# Unsupervised Learning Introduction

## [Slides](https://github.com/cs109/2015/blob/master/Lectures/19-Clustering.pdf)

# Unsupervised Setting
- Looking at a visual representation of the data. You are looking for patterns. The idea of distance is your strongest visual signal

# Clustering Applications
- Google image classes - recommendation
- Microsoft visualization of authoring of papers
- Opening a new location for a hospital, police station, etc.
    - [Delaunay triangulation](https://en.wikipedia.org/wiki/Delaunay_triangulation)
- Outlier detection
    - CERN
    
# Unsupervised Learning

- K-means
- Mean-shift
- Hierarchical Clustering

- Rand index, stability

# [K-means](https://en.wikipedia.org/wiki/K-means_clustering) - Algorithm
- Initializations:
    - choose k random positions
    - assign cluster positions centers $\mu^{(j)}$ to these positions
    
- **First** we choose two arbitary points. Then we start the math:
    - Until Convergence:
        - Compute distances $\left \| x^{(i)}-\mu^{(j)} \right \|$
        - Assign points to nearest cluster center
        - Update Cluster centers:
$$\mu^{(j)} = \frac{1}{N_{j}}\sum_{x_{i}\in C_{j}}x_{i}$$

- We are not restricted to 2 clusters.

- Guaranteed to converge
- Result depends on initialization
- Number of clusters is important
    - One drawback is you need to specify this going into the problem
    - Some instances are easy to conceptualize
- Sensitive to outliers
    - Use median insead of mean for updates
    
## Initialization Methods
- Random Positions
- Random data points as Centers
- Random Cluster assisnment to data points

- Start several times

## How to find K
- Extreme cases:
    - K=1
    - K=N
        - Overfitting - explaining too much of the variance
- "Knee" or "Elbow" method
    - plot -- y='Within groups sum of squares'  x='Number of clusters'

## Cross Validation
- Use this if you want to apply your clustering solution to new unseen data
- Partition data into n folds
- Cluster on n-1 folds
- Compute sum of squared distances to centroids for validation set

## Answers to Questions
- Your choice for cross validation will be based on your needs for generalization
    - Are you required to cluster new, unforseen data?
    - Do you need to identify a pattern in only your dataset?
- How do you know that the convergence is complete?
    - How much did your cluster centers move - check this
    - Specify an $\epsilon$ and then if the movement = $\epsilon$ then you are done
    

# Getting Rid of K

- Having to specify K is annoying
- Can we do without?

# Mean Shift
1. Put a window around each point
2. Compute mean of points in the frame
3. Shift the window to the mean
4. Repeat until convergence

[YouTube Example](https://www.youtube.com/embed/kmaQAsotT9s)
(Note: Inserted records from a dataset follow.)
lemma finite_fixpoints_iter:
  assumes "N \<ge> 1"
  shows "finite {x \<in> X. (phi ^^ N) x = x}"
proof -
  obtain c where "0 < c" and expansive: "expansive_constant X phi psi c"
    using expansive by blast
  obtain \<delta> where "\<delta> > 0"
    and \<delta>: "\<forall>x\<in>X. \<forall>y\<in>X. dist x y < \<delta> \<longrightarrow> (\<forall>i<N. dist ((phi ^^ i) x) ((phi ^^ i) y) < c)"
    using uniformly_continuous_iterates[OF compact_X continuous_on_phi _ \<open>0 < c\<close>] phi_in by blast
  show ?thesis
  proof (rule finite_if_uniformly_discrete[OF compact_X _ \<open>\<delta> > 0\<close>])
    fix p q
    assume p: "p \<in> {x \<in> X. (phi ^^ N) x = x}" and q: "q \<in> {x \<in> X. (phi ^^ N) x = x}"
      and "dist p q < \<delta>"
    \<comment> \<open>by periodicity the whole orbits are governed by the first \<open>N\<close> iterates\<close>
    have phi_close: "dist ((phi ^^ k) p) ((phi ^^ k) q) \<le> c" for k
    proof -
      have "(phi ^^ (k mod N)) p = (phi ^^ k) p" "(phi ^^ (k mod N)) q = (phi ^^ k) q"
        using funpow_mod_eq p q by auto
      moreover have "k mod N < N"
        using assms by simp
      ultimately show ?thesis
        using \<delta> \<open>dist p q < \<delta>\<close> p q by (metis (no_types, lifting) less_imp_le mem_Collect_eq)
    qed
    have "(psi ^^ k) x = (phi ^^ (N * k - k)) x" if "x \<in> X" "(phi ^^ N) x = x" for x k
    proof -
      have "(phi ^^ (N * k)) x = x"
        using funpow_mod_eq[where f = phi and n = N and m = "N * k"] that(2) by simp
      then show ?thesis
        using psi_phi_iter_le[OF that(1), of k "N * k"] assms by simp
    qed
    then have "dist ((psi ^^ k) p) ((psi ^^ k) q) \<le> c" for k
      using phi_close p q by simp
    with phi_close show "p = q"
      using expansive p q unfolding expansive_constant_def by blast
  qed auto
qed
- Here we do not specify the number of clusters `K` but we do need to specify the size of the window $\sigma$
- Does not need to know number of clusters
- Can handle arbitrary shaped clusters
- Robust to initalization
- Needs bandwidth parameter (window size)
- Computationally expensive
- Very good [article](https://saravananthirumuruganathan.wordpress.com/2010/04/01/introduction-to-mean-shift-algorithm/)

# Parameters Parameters ... Parameters
- For K means we need K and result depends on initialization
- For mean shift we need the window size and a lot of computation

- Hierarchical Clustering keeps a history of all possible assignments

# Hierarchical Clustering
- Need to choose a threshold to cut the hierarchical clustering
    - This essentially allows you to choose the number of clusters
- Produces complete structure of hierarchy
- No predefinded number of clusters

- Similarity between clusters:
    - single-linkage: $\text{min}\left \{ d(x,y) : x \in A, y \in B \right \}$
        - Has the tendancy to form long chains
    - complete-linkage: $\text{max}\left \{ d(x,y) : x \in A, y \in B \right \}$
        - Tries to remedy the tendancies of single-linkage
        - Sensitive to outliers
    - average linkage: $\frac{1}{|A|\cdot|B|}\sum_{x\in A}\sum_{y\in B}d(x,y)$
        - Trying to compromise between single and complete-linkage
    
- Video Segmentation was a difficult problem in 2010

# Rand Index
- Percentage of correct classifications
- compare pairs of elements
- tp -- true positive  tn -- true negative  fp -- false positive  fn -- false negative
$$ R = \frac{tp+tn}{tp+tn+fp+fn} $$

- fp and fn are equally weighted
- The drawback is you need labeled data to compute this

# Stability
- Evaluating clustering -- generalization

- We resample our data (from the same source) and then evaluate
- We use clustering (unsupervised task) to transform the data into a supervised task and evaluate the error in unforseen datasets.